» **YOUR INSTRUCTIONS**
Once you find the line with "(f x)\<^sup>2) /" in the entries below, return exactly every line from it through the line with "unfolding tv_dist_def using".

START PROVIDED DATA

(* There is no effective procedure that, given an index for a computable subtree $T$ of $2^{<\omega}$ of positive measure and a positive rational $q$, produces an index for a computable subtree $S$ of $2^{<\omega}$ of measure at least $q$ together with an $e\in\omega$ such that $\Phi_e^A$ is an infinite path through $T$ for every infinite path $A$ through $S$.
   Context: The measure of a tree $T\subseteq 2^{<\omega}$ is the uniform measure of its set of infinite paths. $\Phi_e$ denotes the $e$-th Turing functional in a standard enumeration. *)

theory Defs
  imports "HOL-Probability.Probability" "HOL-Library.Nat_Bijection"
begin

text \<open>Unary partial recursive function terms over the Cantor pairing
  prod_encode, with an oracle query instruction Orc.  Relative to an
  oracle A :: nat => bool these compute exactly the A-partial-recursive
  functions; with a constant oracle they compute exactly the partial
  recursive functions.\<close>

datatype recf =
    Zf | Sf | Fst | Snd | Orc
  | Pairf recf recf
  | Comp recf recf
  | Rec recf recf
  | Mu recf
definition ham_nu :: "nat \<Rightarrow> nat \<Rightarrow> nat \<Rightarrow> (nat \<Rightarrow> nat) \<Rightarrow> real" where
  "ham_nu n q k x = ham_pk n q k (ham_x0 n) x"

definition ham_pi :: "nat \<Rightarrow> nat \<Rightarrow> (nat \<Rightarrow> nat) \<Rightarrow> real" where
  "ham_pi n q x = 1 / real (card (ham_X n q))"

definition tv_dist :: "'a set \<Rightarrow> ('a \<Rightarrow> real) \<Rightarrow> ('a \<Rightarrow> real) \<Rightarrow> real" where
  "tv_dist X mu nu = Max ((\<lambda>S. \<bar>(\<Sum>x\<in>S. mu x) - (\<Sum>x\<in>S. nu x)\<bar>) ` Pow X)"

end

theory Submission
  imports Defs
begin

text \<open>
  Wilson's method. Let W be the number of zero coordinates minus its mean n/q under the
  uniform distribution, and N = n(q-1). Since the number of zeros performs a birth-death
  chain, W is an eigenfunction of the walk with eigenvalue 1 - q/N, and W^2 obeys an affine
  recursion. Hence after k steps W has mean (1 - q/N)^k N/q and variance at most N/(2q),
  whereas under the uniform distribution it has mean 0 and variance N/q^2. Chebyshev's
  inequality on the set where W exceeds half the former mean separates the two measures:
  the distance is at least 1 - 2(q+2)/(N (1 - q/N)^(2k)), and for k = N/(2q) (log N - c)
  the denominator is e^c up to a factor exp(2q log N / N) tending to 1.
\<close>

lemma tv_dist_ge_second_moment:
  fixes X :: "'a set" and \<mu> \<pi> f :: "'a \<Rightarrow> real"
  assumes X: "finite X" and \<mu>: "\<And>x. x \<in> X \<Longrightarrow> 0 \<le> \<mu> x" "sum \<mu> X = 1"
    and \<pi>: "\<And>x. x \<in> X \<Longrightarrow> 0 \<le> \<pi> x" and w: "0 < w"
  shows "1 - 4 * ((\<Sum>x\<in>X. \<mu> x * (f x - w)\<^sup>2) + (\<Sum>x\<in>X. \<pi> x * (f x)\<^sup>2)) / w\<^sup>2 \<le> tv_dist X \<mu> \<pi>"
proof -
  define S where "S = {x \<in> X. w / 2 \<le> f x}"
  have S: "S \<subseteq> X" "finite S" using X unfolding S_def by auto
  have "sum \<mu> (X - S) \<le> (\<Sum>x\<in>X - S. \<mu> x * (4 * (f x - w)\<^sup>2 / w\<^sup>2))"
  proof (rule sum_mono)
    fix x assume x: "x \<in> X - S"
    then have "(w / 2)\<^sup>2 \<le> (w - f x)\<^sup>2"
      using w unfolding S_def by (intro power_mono) auto
    then have "(w / 2)\<^sup>2 \<le> (f x - w)\<^sup>2"
      by (simp add: power2_commute)
    then have "1 \<le> 4 * (f x - w)\<^sup>2 / w\<^sup>2"
      using w by (simp add: field_simps power2_eq_square)
    from mult_left_mono[OF this \<mu>(1)] x
    show "\<mu> x \<le> \<mu> x * (4 * (f x - w)\<^sup>2 / w\<^sup>2)" by simp
  qed
  also have "\<dots> \<le> (\<Sum>x\<in>X. \<mu> x * (4 * (f x - w)\<^sup>2 / w\<^sup>2))"
    using X \<mu>(1) by (intro sum_mono2) auto
  finally have \<mu>S: "1 - 4 * (\<Sum>x\<in>X. \<mu> x * (f x - w)\<^sup>2) / w\<^sup>2 \<le> sum \<mu> S"
    using sum.subset_diff[OF S(1) X, of \<mu>] \<mu>(2)
    by (simp add: sum_distrib_left sum_divide_distrib mult.left_commute)
  have "sum \<pi> S \<le> (\<Sum>x\<in>S. \<pi> x * (4 * (f x)\<^sup>2 / w\<^sup>2))"
  proof (rule sum_mono)
    fix x assume x: "x \<in> S"
    then have "(w / 2)\<^sup>2 \<le> (f x)\<^sup>2"
      using w unfolding S_def by (intro power_mono) auto
    then have "1 \<le> 4 * (f x)\<^sup>2 / w\<^sup>2"
      using w by (simp add: field_simps power2_eq_square)
    from mult_left_mono[OF this \<pi>] x S(1)
    show "\<pi> x \<le> \<pi> x * (4 * (f x)\<^sup>2 / w\<^sup>2)" by auto
  qed
  also have "\<dots> \<le> (\<Sum>x\<in>X. \<pi> x * (4 * (f x)\<^sup>2 / w\<^sup>2))"
    using X S \<pi> by (intro sum_mono2) auto
  finally have \<pi>S: "sum \<pi> S \<le> 4 * (\<Sum>x\<in>X. \<pi> x * (f x)\<^sup>2) / w\<^sup>2"
    by (simp add: sum_distrib_left sum_divide_distrib mult.left_commute)
  have "\<bar>sum \<mu> S - sum \<pi> S\<bar> \<le> tv_dist X \<mu> \<pi>"
    unfolding tv_dist_def using X S(1) by (intro Max_ge) auto
  with \<mu>S \<pi>S show ?thesis by (simp add: add_divide_distrib)
qed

END PROVIDED DATA

» **RESULT FOR THIS EXERCISE**
  finally have \<pi>S: "sum \<pi> S \<le> 4 * (\<Sum>x\<in>X. \<pi> x * (f x)\<^sup>2) / w\<^sup>2"
    by (simp add: sum_distrib_left sum_divide_distrib mult.left_commute)
  have "\<bar>sum \<mu> S - sum \<pi> S\<bar> \<le> tv_dist X \<mu> \<pi>"
    unfolding tv_dist_def using X S(1) by (intro Max_ge) auto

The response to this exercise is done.